With OUr data management and analysis course coming up to its third presentation start in October, various revisions and updates are currently being made to the materials, in part based on feedback from students, in part based the module team’s reflections on how the course material is performing.

We also have an opportunity to update the virtual machine supplied to students, so I’ve spent the last couple of days poking around in the various script rewrites I’ve toyed with over the last couple of years.
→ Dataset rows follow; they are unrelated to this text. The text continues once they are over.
lemma nn_integral_chaining_level_le:
  assumes bm: "brownian_motion M W" and T: "0 < T"
  shows "(\<integral>\<^sup>+ \<omega>. chaining_level W T m N \<omega> \<partial>M) \<le> ennreal ((2*T)^m * fact m * (2 * (32/49)^m)^N)"
proof -
  have [measurable]: "W t \<in> borel_measurable M" for t by (rule brownian_motionD(2)[OF bm])
  have incr_le: "(\<integral>\<^sup>+ \<omega>. ennreal ((dyadic_increment W T N j \<omega>)^(2*m)) \<partial>M)
      \<le> ennreal ((2 * (T / 2^N))^m * fact m)" for j
  proof -
    have "real (Suc j) * T / 2^N - real j * T / 2^N = T / 2^N" by (simp add: field_simps)
    moreover have "0 \<le> real j * T / 2^N" "real j * T / 2^N < real (Suc j) * T / 2^N"
      using T by (auto simp: divide_simps)
    ultimately show ?thesis
      unfolding dyadic_increment_def using nn_integral_bm_increment_power_le[OF bm] by metis
  qed
  have "(\<integral>\<^sup>+ \<omega>. chaining_level W T m N \<omega> \<partial>M)
      = (\<Sum>j<(2::nat)^N. ennreal ((64/49)^(N*m)) * (\<integral>\<^sup>+ \<omega>. ennreal ((dyadic_increment W T N j \<omega>)^(2*m)) \<partial>M))"
    unfolding chaining_level_def dyadic_increment_def
    by (subst nn_integral_sum) (auto simp: ennreal_mult zero_le_even_power nn_integral_cmult)
  also have "\<dots> \<le> (\<Sum>j<(2::nat)^N. ennreal ((64/49)^(N*m)) * ennreal ((2 * (T / 2^N))^m * fact m))"
    by (intro sum_mono mult_left_mono incr_le) auto
  also have "\<dots> = ennreal (2^N * ((64/49)^(N*m) * ((2 * (T / 2^N))^m * fact m)))"
    using T by (simp add: ennreal_mult ennreal_of_nat_eq_real_of_nat)
  also have "2^N * ((64/49)^(N*m) * ((2 * (T / 2^N))^m * fact m)) = (2*T)^m * fact m * (2 * (32/49)^m)^N"
  proof -
    have scale: "(2 * (T / 2^N))^m = (2*T)^m / (2^m)^N"
      by (simp add: power_divide mult.commute[of N] flip: power_mult)
    have "(64/49::real)^(N*m) / (2^m)^N = ((64/49)^m / 2^m)^N"
      by (simp add: power_divide mult.commute[of N] power_mult power_mult_distrib)
    also have "(64/49::real)^m / 2^m = (32/49)^m" by (simp add: power_divide[symmetric])
    finally have ratio: "(64/49::real)^(N*m) / (2^m)^N = ((32/49)^m)^N" .
    have "2^N * ((64/49)^(N*m) * ((2 * (T / 2^N))^m * fact m))
        = (2*T)^m * fact m * (2^N * ((64/49)^(N*m) / (2^m)^N))"
      unfolding scale by simp
    also have "\<dots> = (2*T)^m * fact m * (2 * (32/49)^m)^N"
      unfolding ratio by (simp add: power_mult_distrib)
    finally show ?thesis .
  qed
  finally show ?thesis .
qed

lemma nn_integral_chaining_sum_le:
  assumes bm: "brownian_motion M W" and T: "0 < T" and m: "2 \<le> m"
  shows "(\<integral>\<^sup>+ \<omega>. chaining_sum W T m \<omega> \<partial>M) \<le> ennreal (7 * (2*T)^m * fact m)"
proof -
  have [measurable]: "W t \<in> borel_measurable M" for t by (rule brownian_motionD(2)[OF bm])
  define A :: real where "A = (2*T)^m * fact m"
  have A: "0 \<le> A" unfolding A_def using T by simp
  have ratio: "2 * (32/49::real)^m \<le> 2048/2401"
    using power_decreasing[OF m, of "32/49::real"] by (simp add: power2_eq_square)
  have "(\<integral>\<^sup>+ \<omega>. chaining_sum W T m \<omega> \<partial>M) = (\<Sum>N. \<integral>\<^sup>+ \<omega>. chaining_level W T m N \<omega> \<partial>M)"
    unfolding chaining_sum_def by (rule nn_integral_suminf) measurable
  also have "\<dots> \<le> (\<Sum>N. ennreal (A * (2048/2401)^N))"
  proof (intro suminf_le summableI)
    fix N
    have "A * (2 * (32/49)^m)^N \<le> A * (2048/2401)^N"
      using A ratio by (intro mult_left_mono power_mono) auto
    then show "(\<integral>\<^sup>+ \<omega>. chaining_level W T m N \<omega> \<partial>M) \<le> ennreal (A * (2048/2401)^N)"
      using nn_integral_chaining_level_le[OF bm T, of m N] unfolding A_def
      by (meson ennreal_leI order.trans)
  qed
  also have "\<dots> = ennreal (A * (1 / (1 - 2048/2401)))"
  proof (rule suminf_ennreal_eq)
    show "(\<lambda>N. A * (2048/2401) ^ N) sums (A * (1 / (1 - 2048/2401)))"
      by (rule sums_mult[OF geometric_sums]) simp
  qed (use A in simp_all)
  also have "\<dots> \<le> ennreal (7 * (2*T)^m * fact m)"
    using A T unfolding A_def by (intro ennreal_leI) (simp add: mult_right_mono)
  finally show ?thesis .
qed

lemma dyadic_increment_le_chaining_sum:
  assumes u: "chaining_sum W T m \<omega> = ennreal u" "0 \<le> u" and m: "1 \<le> m" and j: "j < 2^N"
  shows "\<bar>dyadic_increment W T N j \<omega>\<bar> \<le> (7/8)^N * root (2*m) u"
proof -
  define z where "z = (8/7)^N * \<bar>dyadic_increment W T N j \<omega>\<bar>"
  have "ennreal ((64/49)^(N*m) * (dyadic_increment W T N j \<omega>)^(2*m)) \<le> chaining_level W T m N \<omega>"
    unfolding chaining_level_def by (rule member_le_sum) (use j in auto)
  also have "\<dots> \<le> chaining_sum W T m \<omega>"
    unfolding chaining_sum_def using sum_le_suminf[OF summableI, of "{N}"] by simp
  finally have "(64/49)^(N*m) * (dyadic_increment W T N j \<omega>)^(2*m) \<le> u"
    using u by (simp add: ennreal_le_iff)
  moreover have "z^(2*m) = (64/49)^(N*m) * (dyadic_increment W T N j \<omega>)^(2*m)"
  proof -
    have "((8/7::real)^N)^(2*m) = ((8/7)^2)^(N*m)"
      by (simp add: power_mult[symmetric] ac_simps)
    moreover have "\<bar>dyadic_increment W T N j \<omega>\<bar>^(2*m) = (dyadic_increment W T N j \<omega>)^(2*m)"
      by (simp add: power_mult power_even_abs)
    ultimately show ?thesis
      unfolding z_def power_mult_distrib by (simp add: power2_eq_square)
  qed
  ultimately have "root (2*m) (z^(2*m)) \<le> root (2*m) u"
    using m by (simp add: real_root_le_iff)
  then have "z \<le> root (2*m) u"
    using m by (simp add: real_root_power_cancel z_def)
  then have "(7/8)^N * z \<le> (7/8)^N * root (2*m) u" by (intro mult_left_mono) auto
  moreover have "(7/8)^N * z = \<bar>dyadic_increment W T N j \<omega>\<bar>"
    unfolding z_def by (simp add: power_mult_distrib[symmetric])
  ultimately show ?thesis by simp
qed

lemma sup_abs_pow_le_chaining_sum:
  assumes bm: "brownian_motion M W" and T: "0 < T" and \<omega>: "\<omega> \<in> space M" and m: "1 \<le> m"
  shows "ennreal ((SUP s\<in>{0..T}. \<bar>W s \<omega>\<bar>)^(2*m)) \<le> ennreal (8^(2*m)) * chaining_sum W T m \<omega>"
proof (cases "chaining_sum W T m \<omega> = top")
  case False
  define u where "u = enn2real (chaining_sum W T m \<omega>)"
  have u: "chaining_sum W T m \<omega> = ennreal u" "0 \<le> u"
    unfolding u_def using False by (simp_all add: less_top)
  note paths = brownian_motionD(4)[OF bm \<omega>, of T]
  have "\<bar>W s \<omega>\<bar> \<le> root (2*m) u / (1 - 7/8)" if "s \<in> {0..T}" for s
    using dyadic_increment_le_chaining_sum[OF u m] u(2) that
    by (intro chaining_bound[OF paths T brownian_motionD(3)[OF bm \<omega>]])
       (auto simp: dyadic_increment_def real_root_ge_zero)
  then have "(SUP s\<in>{0..T}. \<bar>W s \<omega>\<bar>) \<le> 8 * root (2*m) u"
    by (intro cSUP_least) (use T in \<open>auto simp: mult.commute\<close>)
  moreover have "0 \<le> (SUP s\<in>{0..T}. \<bar>W s \<omega>\<bar>)"
    using T by (intro SUP_abs_nonneg[OF paths]) simp
  ultimately have "(SUP s\<in>{0..T}. \<bar>W s \<omega>\<bar>)^(2*m) \<le> (8 * root (2*m) u)^(2*m)"
    by (intro power_mono) auto
  also have "\<dots> = 8^(2*m) * u" using m u(2) by (simp add: power_mult_distrib)
  finally show ?thesis
    unfolding u(1) using u(2) by (simp add: ennreal_mult[symmetric] ennreal_leI)
qed (simp add: ennreal_mult_top)

lemma power_le_1_plus_power:
  fixes x :: real
  assumes "0 \<le> x" "k \<le> n"
  shows "x^k \<le> 1 + x^n"
proof (cases "x \<le> 1")
  case True
  then have "x^k \<le> 1" using assms(1) by (rule power_le_one[rotated])
  then show ?thesis using zero_le_power[OF assms(1), of n] by linarith
next
  case False
  then have "x^k \<le> x^n" using assms(2) by (intro power_increasing) auto
  then show ?thesis by simp
qed

text \<open>The exponent \<open>m = k div 2 + 2\<close> satisfies \<open>k \<le> 2*m\<close>, so that \<open>x^k \<le> 1 + x^(2*m)\<close>, and
  \<open>m \<ge> 2\<close>, which the bound on the expected chaining sum requires.\<close>
definition OU_majorant :: "(nat \<Rightarrow> real) \<Rightarrow> real \<Rightarrow> (real \<Rightarrow> 'a \<Rightarrow> real) \<Rightarrow> real \<Rightarrow> 'a \<Rightarrow> ennreal" where
  "OU_majorant q K W T \<omega> = (\<Sum>k. ennreal (\<bar>q k\<bar> * K^k) *
     (1 + ennreal (8^(2*(k div 2 + 2))) * chaining_sum W T (k div 2 + 2) \<omega>))"

lemma borel_measurable_OU_majorant[measurable]:
  assumes "\<And>t. W t \<in> borel_measurable M"
  shows "OU_majorant q K W T \<in> borel_measurable M"
proof -
  have [measurable]: "W t \<in> borel_measurable M" for t by (rule assms)
  show ?thesis unfolding OU_majorant_def by measurable
qed

lemma ps_abs_OU_sup_le_majorant:
  assumes bm: "brownian_motion M W" and T: "0 < T" and \<omega>: "\<omega> \<in> space M"
    and q: "negligible_half_fact q"
  shows "ennreal (ps_abs q (OU_sup b c W T \<omega>)) \<le> OU_majorant q (\<bar>c\<bar> * (1 + \<bar>b\<bar>*T*exp(\<bar>b\<bar>*T))) W T \<omega>"
proof -
  define K where "K = \<bar>c\<bar> * (1 + \<bar>b\<bar>*T*exp(\<bar>b\<bar>*T))"
  define S where "S = (SUP s\<in>{0..T}. \<bar>W s \<omega>\<bar>)"
  note paths = brownian_motionD(4)[OF bm \<omega>, of T]
  have K: "0 \<le> K" unfolding K_def using T by simp
  have S: "0 \<le> S"
    unfolding S_def using T by (intro SUP_abs_nonneg[OF paths]) simp
  have "ps_abs q (OU_sup b c W T \<omega>) \<le> ps_abs q (K * S)"
    using OU_sup_bounds[where W=W and \<omega>=\<omega> and b=b and c=c, OF paths] T q unfolding K_def S_def by (intro ps_abs_mono) auto
  then have "ennreal (ps_abs q (OU_sup b c W T \<omega>)) \<le> (\<Sum>k. ennreal (\<bar>q k\<bar> * (K * S)^k))"
    unfolding ps_abs_def
    by (subst suminf_ennreal2) (use K S summable_ps_abs[OF q] in \<open>auto intro: ennreal_leI\<close>)
  also have "\<dots> \<le> OU_majorant q K W T \<omega>"
    unfolding OU_majorant_def
  proof (intro suminf_le summableI)
    fix k
    have "ennreal (S^k) \<le> ennreal (1 + S^(2*(k div 2 + 2)))"
      using power_le_1_plus_power[OF S, of k "2*(k div 2 + 2)"] by (intro ennreal_leI) auto
    also have "\<dots> = 1 + ennreal (S^(2*(k div 2 + 2)))" using S by simp
    also have "\<dots> \<le> 1 + ennreal (8^(2*(k div 2 + 2))) * chaining_sum W T (k div 2 + 2) \<omega>"
      unfolding S_def by (intro add_left_mono sup_abs_pow_le_chaining_sum[OF bm T \<omega>]) auto
    finally show "ennreal (\<bar>q k\<bar> * (K * S)^k) \<le> ennreal (\<bar>q k\<bar> * K^k) *
        (1 + ennreal (8^(2*(k div 2 + 2))) * chaining_sum W T (k div 2 + 2) \<omega>)"
      using K S by (simp add: ennreal_mult power_mult_distrib mult.assoc mult_left_mono)
  qed
  finally show ?thesis unfolding K_def .
qed

lemma summable_half_fact_shifted:
  assumes q: "negligible_half_fact q" and A: "0 \<le> A" and D: "0 \<le> D"
  shows "summable (\<lambda>k. \<bar>q k\<bar> * A^k * (D^(k div 2 + 2) * fact (k div 2 + 2)))"
proof -
  define L where "L = max 1 D"
  have L: "1 \<le> L" "D \<le> L" unfolding L_def by simp_all
  have bound: "norm (\<bar>q k\<bar> * A^k * (D^(k div 2 + 2) * fact (k div 2 + 2)))
      \<le> (8 * L^2) * (\<bar>q k\<bar> * fact (k div 2) * (2*L*A)^k)" for k
  proof -
    have "D^(k div 2 + 2) \<le> L^(k + 2)"
      using L D by (intro order.trans[OF power_mono power_increasing]) auto
    moreover have "(fact (k div 2 + 2) :: real) \<le> 8 * 2^k * fact (k div 2)"
    proof -
      have "(fact (k div 2 + 2) :: real) \<le> 2^(k div 2 + 2) * fact (k div 2) * fact 2"
        by (rule fact_add_le)
      also have "\<dots> \<le> 2^(k + 2) * fact (k div 2) * 2"
        using power_increasing[of "k div 2 + 2" "k + 2" "2::real"] by (simp add: mult_right_mono)
      finally show ?thesis by (simp add: power_add)
    qed
    ultimately have "D^(k div 2 + 2) * fact (k div 2 + 2) \<le> L^(k + 2) * (8 * 2^k * fact (k div 2))"
      using D L by (intro mult_mono) auto
    then have "\<bar>q k\<bar> * A^k * (D^(k div 2 + 2) * fact (k div 2 + 2))
        \<le> \<bar>q k\<bar> * A^k * (L^(k + 2) * (8 * 2^k * fact (k div 2)))"
      using A by (intro mult_left_mono) auto
    then show ?thesis
      using A D by (simp add: power_add power_mult_distrib power2_eq_square ac_simps)
  qed
  have "summable (\<lambda>k. \<bar>q k\<bar> * fact (k div 2) * (2*L*A)^k)"
    using A L by (intro summable_half_fact_weighted[OF q]) auto
  then show ?thesis
    by (rule summable_comparison_test'[OF summable_mult[of _ "8 * L^2"]]) (use bound in auto)
qed

lemma nn_integral_OU_majorant_term_le:
  assumes bm: "brownian_motion M W" and T: "0 < T" and n: "2 \<le> n" and a: "0 \<le> a"
  shows "(\<integral>\<^sup>+ \<omega>. ennreal a * (1 + ennreal (8^(2*n)) * chaining_sum W T n \<omega>) \<partial>M)
    \<le> ennreal (a * (1 + 7 * ((128*T)^n * fact n)))"
proof -
  interpret prob_space M by (rule brownian_motionD(1)[OF bm])
  have [measurable]: "W t \<in> borel_measurable M" for t by (rule brownian_motionD(2)[OF bm])
  define B where "B = 7 * ((128*T)^n * fact n)"
  have B: "0 \<le> B" unfolding B_def using T by simp
  have "(8::real)^(2*n) * (2*T)^n = (64 * (2*T))^n"
    unfolding power_mult_distrib[of "64::real" "2*T"] by (simp add: power_mult)
  also have "64 * (2*T) = 128 * T" by simp
  finally have "(8::real)^(2*n) * (7 * (2*T)^n * fact n) = B"
    unfolding B_def by (metis mult.assoc mult.left_commute)
  then have scale: "ennreal (8^(2*n)) * ennreal (7 * (2*T)^n * fact n) = ennreal B"
    by (metis ennreal_mult' zero_le_numeral zero_le_power)
  have "(\<integral>\<^sup>+ \<omega>. ennreal a * (1 + ennreal (8^(2*n)) * chaining_sum W T n \<omega>) \<partial>M)
      = ennreal a * (1 + ennreal (8^(2*n)) * (\<integral>\<^sup>+ \<omega>. chaining_sum W T n \<omega> \<partial>M))"
    by (simp add: nn_integral_cmult nn_integral_add emeasure_space_1)
  also have "\<dots> \<le> ennreal a * (1 + ennreal (8^(2*n)) * ennreal (7 * (2*T)^n * fact n))"
    by (intro mult_left_mono add_left_mono nn_integral_chaining_sum_le[OF bm T n]) auto
  also have "\<dots> = ennreal (a * (1 + B))"
    unfolding scale using a B by (simp add: ennreal_mult)
  finally show ?thesis unfolding B_def .
qed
When we started the course, Jupyter notebooks were still called IPython notebooks, and the ecosystem was still in its infancy. But whilst the module review process means changes are supposed to be kept to a minimum, there is still an opportunity to bake a few more tools into the VM that didn’t exist a couple of years ago when the VM was first gold mastered. (I’ll do a review of some of the Jupyter notebook features that I think should be released into the VM in another post.)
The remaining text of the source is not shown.